Surabaya | VoA – Dalam persidangan, si buruh perempuan ini didakwa memalsukan surat lamaran kerja di tempat ia bekerja sebelumnya. Sungguh miris. Kini dirinya mendekam di penjara Medaeng.
Hal ini terungkap ketika Jaksa Penuntut Umum dari Kejaksaan Negeri Surabaya, Darwis membacakan amar dakwaan terhadap buruh perempuan, Dwi Kurniawati, di ruang Candra Pengadilan Negeri Surabaya, pada Kamis (21/3/2024).
Terdakwa merupakan buruh asal Sumur Welut, kota Surabaya. Berawal keinginannya untuk bisa menduduki posisi staff accounting di PT Mentari Nawa Satria atau biasa dikenal ” Kowloon Palace Internasional Club. Dwi melakukan tindak pidana dengan memalsukan surat pengalaman kerja. Sidang berlangsung secara daring. Terdakwa menghadapi sidang dari Rutan Medaeng.
Di depan majelis hakim yang diketuai Taufan Mandala, Darwis menjelaskan terdakwa memalsukan berkas pengalaman kerja yang dikeluarkan Koperasi Karyawan (Kopkar) Rumah Sakit William Booth Surabaya dengan tertanda tangan oleh Supali, selaku Ketua Pengurus. Maka, dengan modal surat pengalaman kerja itu terdakwa bisa lolos bekerja di Kowloon sebagai staff accounting sejak 28 November dengan masa percobaan selama 6 bulan sampai 28 Mei 2023.

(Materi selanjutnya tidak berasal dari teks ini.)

(* For a locally compact metrizable topological group $G$, $G$ is NSS if and only if $G$ is TAP.
   Context: $e$ is the neutral element; $\prod_{k=1}^n a_k=a_1\cdots a_n$. $G$ is NSS if some neighborhood of $e$ contains no nontrivial subgroup of $G$. A sequence $(g_n)$ in $G$ is hyper-multipliable if for every integer sequence $(m_n)$ the sequence $\left(\prod_{k=1}^n g_k^{m_k}\right)_n$ converges in $G$. A subset $A\subset G$ is absolutely productive if every sequence of pairwise distinct elements of $A$ is hyper-multipliable. $G$ is TAP if every absolutely productive subset of $G$ is finite. *)

theory Defs
  imports "HOL-Analysis.Analysis"
begin

text \<open>Groups are written additively (class group_add, which is NOT assumed commutative):
  the group product a b is a + b, the neutral element e is 0, and g^m (m integer) is zpow m g.\<close>

definition npow :: "nat \<Rightarrow> 'a::monoid_add \<Rightarrow> 'a" where
  "npow n g = (((+) g) ^^ n) 0"

definition zpow :: "int \<Rightarrow> 'a::group_add \<Rightarrow> 'a" where
  "zpow m g = (if 0 \<le> m then npow (nat m) g else - npow (nat (- m)) g)"

primrec oprod :: "(nat \<Rightarrow> 'a::monoid_add) \<Rightarrow> nat \<Rightarrow> 'a" where
  "oprod f 0 = 0"
| "oprod f (Suc n) = oprod f n + f n"

definition is_subgroup :: "'a::group_add set \<Rightarrow> bool" where
  "is_subgroup H \<longleftrightarrow> 0 \<in> H \<and> (\<forall>x\<in>H. \<forall>y\<in>H. x + y \<in> H) \<and> (\<forall>x\<in>H. - x \<in> H)"

definition NSS :: "'a::{topological_space, group_add} itself \<Rightarrow> bool" where
  "NSS _ \<longleftrightarrow> (\<exists>U::'a set. open U \<and> 0 \<in> U \<and>
      (\<forall>H. is_subgroup H \<and> H \<subseteq> U \<longrightarrow> H = {0}))"

definition hyper_multipliable :: "(nat \<Rightarrow> 'a::{topological_space, group_add}) \<Rightarrow> bool" where
  "hyper_multipliable g \<longleftrightarrow>
     (\<forall>m :: nat \<Rightarrow> int. convergent (\<lambda>n. oprod (\<lambda>k. zpow (m k) (g k)) n))"

definition absolutely_productive :: "'a::{topological_space, group_add} set \<Rightarrow> bool" where
  "absolutely_productive A \<longleftrightarrow>
     (\<forall>g :: nat \<Rightarrow> 'a. inj g \<and> range g \<subseteq> A \<longrightarrow> hyper_multipliable g)"

definition TAP :: "'a::{topological_space, group_add} itself \<Rightarrow> bool" where
  "TAP _ \<longleftrightarrow> (\<forall>A::'a set. absolutely_productive A \<longrightarrow> finite A)"

end

theory Submission
  imports Defs
begin

text \<open>
  NSS implies TAP: if U is a neighbourhood of 0 containing no nontrivial subgroup,
  every g \<noteq> 0 has a power outside U.  Given infinitely many distinct g_k, choose such
  powers; their ordered product cannot converge, since the factors of a convergent
  product tend to 0.

  TAP implies NSS: if G is not NSS, build a shrinking chain of neighbourhoods
  U_0 \<supseteq> U_1 \<supseteq> ... with U_{n+1} + U_{n+1} + U_{n+1} \<subseteq> U_n, -U_n + U_n small
  and U_0 inside a compact set, and pick h_n \<noteq> 0 in a subgroup inside U_n.  Then
  h_n \<rightarrow> 0, so the set of the h_n is infinite, and it is absolutely productive: the
  factors of a product of powers of distinct h's lie in U_{j(k)} for an injective j,
  so every tail block of the product lies in some U_M ("block lemma"); the partial
  products are therefore left Cauchy and, by compactness, converge.
\<close>

subsection \<open>Integer powers and cyclic subgroups\<close>

lemma npow_0 [simp]: "npow 0 g = 0"
  by (simp add: npow_def)

lemma npow_Suc: "npow (Suc n) g = g + npow n g"
  by (simp add: npow_def)

text \<open>Powers of g commute with g, so the recursion may also be unfolded on the right.\<close>
lemma npow_Suc_right: "npow (Suc n) (g::'a::monoid_add) = npow n g + g"
proof (induction n)
  case 0
  show ?case by (simp add: npow_Suc)
next
  case (Suc n)
  have "npow (Suc (Suc n)) g = g + (npow n g + g)" by (simp only: npow_Suc[of "Suc n"] Suc.IH)
  also have "\<dots> = npow (Suc n) g + g" by (simp only: npow_Suc add.assoc)
  finally show ?case .
qed

lemma zpow_0: "zpow 0 g = 0"
  by (simp add: zpow_def)

lemma zpow_of_nat: "zpow (int n) g = npow n g"
  by (simp add: zpow_def)

lemma zpow_neg_of_nat: "zpow (- int n) g = - npow n g"
  by (cases "n = 0") (simp_all add: zpow_def)

lemma zpow_succ: "zpow (m + 1) g = zpow m g + g"
proof (cases "0 \<le> m")
  case True
  then have "nat (m + 1) = Suc (nat m)" by simp
  then show ?thesis using True by (simp add: zpow_def npow_Suc_right)
next
  case False
  define n where "n = nat (- m - 1)"
  have m: "m = - int (Suc n)" and m1: "m + 1 = - int n" using False by (simp_all add: n_def)
  have "zpow m g + g = - npow n g + - g + g"
    by (simp only: m zpow_neg_of_nat npow_Suc minus_add)
  also have "\<dots> = zpow (m + 1) g" by (simp add: m1 zpow_neg_of_nat)
  finally show ?thesis ..
qed

lemma zpow_pred: "zpow (m - 1) g = zpow m g - g"
  using zpow_succ[of "m - 1" g] by (metis add_diff_cancel diff_add_cancel)

lemma zpow_add: "zpow (a + b) g = zpow a g + zpow b g"
proof (induction b rule: int_induct[where k = 0])
  case base
  show ?case by (simp add: zpow_0)
next
  case (step1 i)
  then show ?case using zpow_succ[of "a + i" g] zpow_succ[of i g] by (simp add: add.assoc)
next
  case (step2 i)
  have "zpow (a + (i - 1)) g = zpow (a + i - 1) g" by (simp add: algebra_simps)
  also have "\<dots> = zpow a g + zpow i g - g" by (simp only: zpow_pred step2.IH)
  also have "\<dots> = zpow a g + zpow (i - 1) g" by (simp only: zpow_pred add_diff_eq)
  finally show ?case .
qed

lemma zpow_uminus: "zpow (- m) g = - zpow m g"
  using zpow_add[of m "- m" g] by (simp add: zpow_0 minus_unique)

lemma zpow_1: "zpow 1 g = g"
  using zpow_of_nat[of 1 g] by (simp add: npow_Suc)

definition zmultiples :: "'a::group_add \<Rightarrow> 'a set" where
  "zmultiples g = range (\<lambda>m. zpow m g)"

lemma zmultiples_subgroup: "is_subgroup (zmultiples g)"
  unfolding is_subgroup_def
proof (intro conjI ballI)
  show "0 \<in> zmultiples g"
    unfolding zmultiples_def by (metis rangeI zpow_0)
next
  fix x y assume "x \<in> zmultiples g" "y \<in> zmultiples g"
  then obtain a b where "x = zpow a g" "y = zpow b g" unfolding zmultiples_def by blast
  then have "x + y = zpow (a + b) g" by (simp only: zpow_add)
  then show "x + y \<in> zmultiples g" unfolding zmultiples_def by blast
next
  fix x assume "x \<in> zmultiples g"
  then obtain a where "x = zpow a g" unfolding zmultiples_def by blast
  then have "- x = zpow (- a) g" by (simp only: zpow_uminus)
  then show "- x \<in> zmultiples g" unfolding zmultiples_def by blast
qed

Namun, terungkapnya pemalsuan surat itu pada 11 Mei 2023 lalu di saat terdakwa tidak masuk kerja dan tidak bisa dihubungi. Ketika itu dilakukan pengecekan evaluasi kinerja dan didapat temuan terdakwa sering melakukan kesalahan perhitungan kerja karyawan,” kata Darwis.
Mengetahui hal itu, Eko Purnomo bersama Fransisca selaku General Affair, dan Galuh sebagai HRD melakukan pengecekan data lamaran kerja terdakwa. Kemudian saksi- saksi ini curiga terhadap salah satu berkas lamaran kerja terdakwa yang dikeluarkan (Kopkar) Rumah Sakit William Booth Surabaya.
Selanjutnya saksi ini mendatangi rumah sakit tersebut untuk melakukan pengecekan. Hasilnya diketahui, jika lembar fotocopy surat keterangan kerja Dwi yang dikeluarkan Rumah Sakit William Booth adalah palsu.
Supali sebagai Kepala Koperasi Karyawan Rumah Sakit William Booth pada tahun 2013 sampai dengan tahun 2017 tidak pernah bertanda tangan dalam surat pengalaman kerja milik terdakwa. Namun, terdakwa Dwi Kurniawati memang betul pernah bekerja sebagai kontrak di Koperasi Karyawan Sejahtera Rumah Sakit William Booth sebagai staff administrasi. Kurang lebih sejak tahun 2005 sampai dengan 2014. Ia berhenti kerja dengan status Pemutusan Hubungan Kerja (PHK).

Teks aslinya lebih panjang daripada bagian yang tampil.